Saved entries
- Opening Delimiter -
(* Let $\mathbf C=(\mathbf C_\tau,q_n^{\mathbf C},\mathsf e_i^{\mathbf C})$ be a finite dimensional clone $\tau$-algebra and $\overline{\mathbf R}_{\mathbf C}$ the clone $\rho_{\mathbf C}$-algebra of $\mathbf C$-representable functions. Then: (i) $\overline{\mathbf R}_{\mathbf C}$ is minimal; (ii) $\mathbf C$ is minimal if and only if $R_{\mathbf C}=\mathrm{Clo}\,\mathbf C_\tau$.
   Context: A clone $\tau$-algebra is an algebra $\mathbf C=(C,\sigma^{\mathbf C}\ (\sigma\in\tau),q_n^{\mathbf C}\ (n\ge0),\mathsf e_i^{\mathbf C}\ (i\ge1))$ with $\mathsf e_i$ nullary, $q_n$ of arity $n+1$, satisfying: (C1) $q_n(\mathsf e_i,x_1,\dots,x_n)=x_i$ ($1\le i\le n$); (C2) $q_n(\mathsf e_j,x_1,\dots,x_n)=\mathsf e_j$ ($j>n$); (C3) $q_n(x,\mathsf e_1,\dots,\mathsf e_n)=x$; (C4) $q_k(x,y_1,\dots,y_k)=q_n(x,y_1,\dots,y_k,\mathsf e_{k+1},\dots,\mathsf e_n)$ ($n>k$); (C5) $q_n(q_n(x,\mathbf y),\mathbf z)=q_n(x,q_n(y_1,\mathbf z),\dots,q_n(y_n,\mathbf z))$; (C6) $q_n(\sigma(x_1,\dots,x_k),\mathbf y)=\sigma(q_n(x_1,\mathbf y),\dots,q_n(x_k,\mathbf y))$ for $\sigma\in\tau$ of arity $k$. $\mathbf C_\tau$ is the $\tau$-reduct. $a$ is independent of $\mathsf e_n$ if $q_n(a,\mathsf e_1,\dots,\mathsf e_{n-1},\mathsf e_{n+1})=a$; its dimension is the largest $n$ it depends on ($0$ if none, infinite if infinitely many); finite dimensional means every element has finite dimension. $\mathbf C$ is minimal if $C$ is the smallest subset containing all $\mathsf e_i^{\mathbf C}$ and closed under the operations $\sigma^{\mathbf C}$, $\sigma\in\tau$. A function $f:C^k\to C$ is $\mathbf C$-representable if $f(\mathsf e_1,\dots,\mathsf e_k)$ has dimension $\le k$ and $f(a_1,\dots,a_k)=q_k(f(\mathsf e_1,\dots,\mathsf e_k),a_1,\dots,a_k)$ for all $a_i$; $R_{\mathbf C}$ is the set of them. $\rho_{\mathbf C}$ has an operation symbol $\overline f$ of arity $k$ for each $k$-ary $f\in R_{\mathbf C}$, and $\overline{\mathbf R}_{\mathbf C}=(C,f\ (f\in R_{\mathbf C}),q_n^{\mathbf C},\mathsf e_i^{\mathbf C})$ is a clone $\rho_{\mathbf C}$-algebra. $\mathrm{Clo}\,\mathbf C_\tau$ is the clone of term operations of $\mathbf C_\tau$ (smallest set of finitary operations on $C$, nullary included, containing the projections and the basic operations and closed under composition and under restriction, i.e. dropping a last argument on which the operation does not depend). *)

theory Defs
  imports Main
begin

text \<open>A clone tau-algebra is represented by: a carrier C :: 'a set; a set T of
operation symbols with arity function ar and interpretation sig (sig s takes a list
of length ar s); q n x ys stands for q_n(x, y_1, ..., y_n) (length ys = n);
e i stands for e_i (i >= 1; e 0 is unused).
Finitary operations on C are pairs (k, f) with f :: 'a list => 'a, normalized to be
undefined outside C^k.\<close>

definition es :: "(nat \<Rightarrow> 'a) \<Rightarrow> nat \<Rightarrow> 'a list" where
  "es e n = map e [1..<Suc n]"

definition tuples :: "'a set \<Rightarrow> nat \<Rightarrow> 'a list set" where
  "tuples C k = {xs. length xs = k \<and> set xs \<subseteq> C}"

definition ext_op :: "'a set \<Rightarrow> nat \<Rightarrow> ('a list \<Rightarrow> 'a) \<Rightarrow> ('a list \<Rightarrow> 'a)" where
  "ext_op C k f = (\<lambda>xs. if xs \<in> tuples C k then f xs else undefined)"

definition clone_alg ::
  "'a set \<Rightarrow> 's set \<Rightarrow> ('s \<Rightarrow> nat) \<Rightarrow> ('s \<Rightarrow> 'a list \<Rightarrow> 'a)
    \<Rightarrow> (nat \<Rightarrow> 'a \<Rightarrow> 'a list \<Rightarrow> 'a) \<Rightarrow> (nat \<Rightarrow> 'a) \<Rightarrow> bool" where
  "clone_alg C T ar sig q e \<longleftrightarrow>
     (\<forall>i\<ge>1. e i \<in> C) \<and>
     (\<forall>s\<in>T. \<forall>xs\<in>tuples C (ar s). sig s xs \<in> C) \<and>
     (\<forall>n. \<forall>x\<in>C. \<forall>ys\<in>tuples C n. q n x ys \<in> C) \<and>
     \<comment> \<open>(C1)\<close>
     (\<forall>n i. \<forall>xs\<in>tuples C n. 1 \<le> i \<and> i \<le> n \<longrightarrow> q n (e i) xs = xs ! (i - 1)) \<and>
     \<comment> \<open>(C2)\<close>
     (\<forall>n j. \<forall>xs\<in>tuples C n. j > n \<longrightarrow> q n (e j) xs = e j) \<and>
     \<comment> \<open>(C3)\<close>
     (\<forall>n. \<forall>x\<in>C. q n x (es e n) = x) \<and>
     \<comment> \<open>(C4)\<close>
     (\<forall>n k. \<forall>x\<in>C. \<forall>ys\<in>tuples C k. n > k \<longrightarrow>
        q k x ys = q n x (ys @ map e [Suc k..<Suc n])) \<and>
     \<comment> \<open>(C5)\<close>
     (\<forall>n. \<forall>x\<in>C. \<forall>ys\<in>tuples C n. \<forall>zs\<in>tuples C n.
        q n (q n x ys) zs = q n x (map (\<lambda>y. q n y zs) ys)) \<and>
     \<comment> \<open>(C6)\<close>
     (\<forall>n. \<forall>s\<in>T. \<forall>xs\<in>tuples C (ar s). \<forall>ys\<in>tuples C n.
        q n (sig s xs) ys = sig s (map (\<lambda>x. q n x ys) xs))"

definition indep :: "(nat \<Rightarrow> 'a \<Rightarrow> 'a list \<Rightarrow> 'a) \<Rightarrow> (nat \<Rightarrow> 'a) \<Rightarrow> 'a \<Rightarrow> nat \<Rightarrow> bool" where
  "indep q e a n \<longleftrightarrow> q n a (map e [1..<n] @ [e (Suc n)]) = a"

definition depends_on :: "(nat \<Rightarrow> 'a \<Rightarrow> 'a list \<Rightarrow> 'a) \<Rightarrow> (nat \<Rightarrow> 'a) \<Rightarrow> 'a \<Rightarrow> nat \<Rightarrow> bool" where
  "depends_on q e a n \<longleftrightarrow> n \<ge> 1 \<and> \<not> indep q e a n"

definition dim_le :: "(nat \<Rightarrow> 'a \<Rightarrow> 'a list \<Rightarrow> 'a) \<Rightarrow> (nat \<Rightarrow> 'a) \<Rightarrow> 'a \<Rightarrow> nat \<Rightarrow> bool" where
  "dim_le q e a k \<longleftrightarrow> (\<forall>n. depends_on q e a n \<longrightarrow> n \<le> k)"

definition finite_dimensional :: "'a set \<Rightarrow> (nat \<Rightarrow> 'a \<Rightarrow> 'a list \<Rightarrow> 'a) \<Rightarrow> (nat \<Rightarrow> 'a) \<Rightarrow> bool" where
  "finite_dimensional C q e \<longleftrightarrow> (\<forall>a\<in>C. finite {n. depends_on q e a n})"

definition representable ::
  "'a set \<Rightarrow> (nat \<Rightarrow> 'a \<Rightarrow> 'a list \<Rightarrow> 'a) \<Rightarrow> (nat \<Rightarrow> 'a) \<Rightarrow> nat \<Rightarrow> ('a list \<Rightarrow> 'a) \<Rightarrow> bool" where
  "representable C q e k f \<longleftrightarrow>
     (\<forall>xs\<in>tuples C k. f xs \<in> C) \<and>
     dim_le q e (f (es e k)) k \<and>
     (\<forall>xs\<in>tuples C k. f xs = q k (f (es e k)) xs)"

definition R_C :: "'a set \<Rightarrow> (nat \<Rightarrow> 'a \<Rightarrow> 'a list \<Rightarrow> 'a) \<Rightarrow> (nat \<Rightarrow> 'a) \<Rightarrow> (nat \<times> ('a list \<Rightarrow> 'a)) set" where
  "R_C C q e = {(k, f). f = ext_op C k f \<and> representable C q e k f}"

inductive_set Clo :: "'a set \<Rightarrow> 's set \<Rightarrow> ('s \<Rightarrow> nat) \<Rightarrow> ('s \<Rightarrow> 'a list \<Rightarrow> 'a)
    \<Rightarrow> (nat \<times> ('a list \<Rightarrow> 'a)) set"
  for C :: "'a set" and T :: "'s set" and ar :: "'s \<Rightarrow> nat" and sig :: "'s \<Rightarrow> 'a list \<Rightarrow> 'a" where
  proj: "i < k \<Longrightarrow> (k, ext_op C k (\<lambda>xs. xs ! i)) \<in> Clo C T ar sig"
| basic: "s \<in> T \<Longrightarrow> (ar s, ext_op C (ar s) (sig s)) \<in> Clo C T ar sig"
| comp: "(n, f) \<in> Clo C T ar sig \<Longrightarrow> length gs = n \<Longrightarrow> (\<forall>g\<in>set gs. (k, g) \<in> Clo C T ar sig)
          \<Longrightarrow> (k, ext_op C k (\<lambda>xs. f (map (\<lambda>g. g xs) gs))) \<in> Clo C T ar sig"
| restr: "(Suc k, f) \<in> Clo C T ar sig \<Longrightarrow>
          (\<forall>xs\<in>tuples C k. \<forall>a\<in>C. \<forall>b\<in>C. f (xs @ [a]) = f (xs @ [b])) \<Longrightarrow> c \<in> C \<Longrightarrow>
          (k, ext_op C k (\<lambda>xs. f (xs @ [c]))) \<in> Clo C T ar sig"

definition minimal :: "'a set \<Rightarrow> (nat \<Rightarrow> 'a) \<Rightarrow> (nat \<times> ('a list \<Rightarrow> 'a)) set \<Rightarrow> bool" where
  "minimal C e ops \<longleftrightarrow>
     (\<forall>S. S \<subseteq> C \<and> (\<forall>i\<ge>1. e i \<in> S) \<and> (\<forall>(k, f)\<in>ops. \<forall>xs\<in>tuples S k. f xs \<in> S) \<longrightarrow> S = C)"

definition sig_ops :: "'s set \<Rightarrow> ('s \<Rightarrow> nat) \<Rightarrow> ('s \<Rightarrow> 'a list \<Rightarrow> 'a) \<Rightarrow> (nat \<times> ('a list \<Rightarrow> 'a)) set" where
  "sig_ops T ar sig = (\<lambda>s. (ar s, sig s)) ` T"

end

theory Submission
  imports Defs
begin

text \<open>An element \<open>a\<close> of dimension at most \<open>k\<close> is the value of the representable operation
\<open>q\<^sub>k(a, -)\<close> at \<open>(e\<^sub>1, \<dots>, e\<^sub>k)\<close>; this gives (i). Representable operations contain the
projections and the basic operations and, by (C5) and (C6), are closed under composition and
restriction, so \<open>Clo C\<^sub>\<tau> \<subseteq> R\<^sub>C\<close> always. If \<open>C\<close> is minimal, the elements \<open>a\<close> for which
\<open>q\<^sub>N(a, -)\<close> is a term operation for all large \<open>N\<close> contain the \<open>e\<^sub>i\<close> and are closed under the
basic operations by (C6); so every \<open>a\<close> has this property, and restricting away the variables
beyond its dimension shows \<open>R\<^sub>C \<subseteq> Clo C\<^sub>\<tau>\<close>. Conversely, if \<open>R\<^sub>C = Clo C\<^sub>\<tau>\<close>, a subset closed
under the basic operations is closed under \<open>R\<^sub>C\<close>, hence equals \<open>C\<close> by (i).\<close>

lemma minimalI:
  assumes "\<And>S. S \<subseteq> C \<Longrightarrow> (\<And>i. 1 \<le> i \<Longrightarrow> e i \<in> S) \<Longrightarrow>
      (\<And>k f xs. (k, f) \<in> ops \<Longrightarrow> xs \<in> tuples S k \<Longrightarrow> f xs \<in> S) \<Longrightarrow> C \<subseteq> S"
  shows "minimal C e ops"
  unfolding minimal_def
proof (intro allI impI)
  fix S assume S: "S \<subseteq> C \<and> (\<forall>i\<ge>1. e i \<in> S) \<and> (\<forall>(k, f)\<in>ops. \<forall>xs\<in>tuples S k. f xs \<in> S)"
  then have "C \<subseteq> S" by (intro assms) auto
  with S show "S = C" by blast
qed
- Closing Delimiter -
TASK DESCRIPTION: Your answer should be only the number of lines, in the entries above, that include "shows".

THE COMPLETED TASK: 2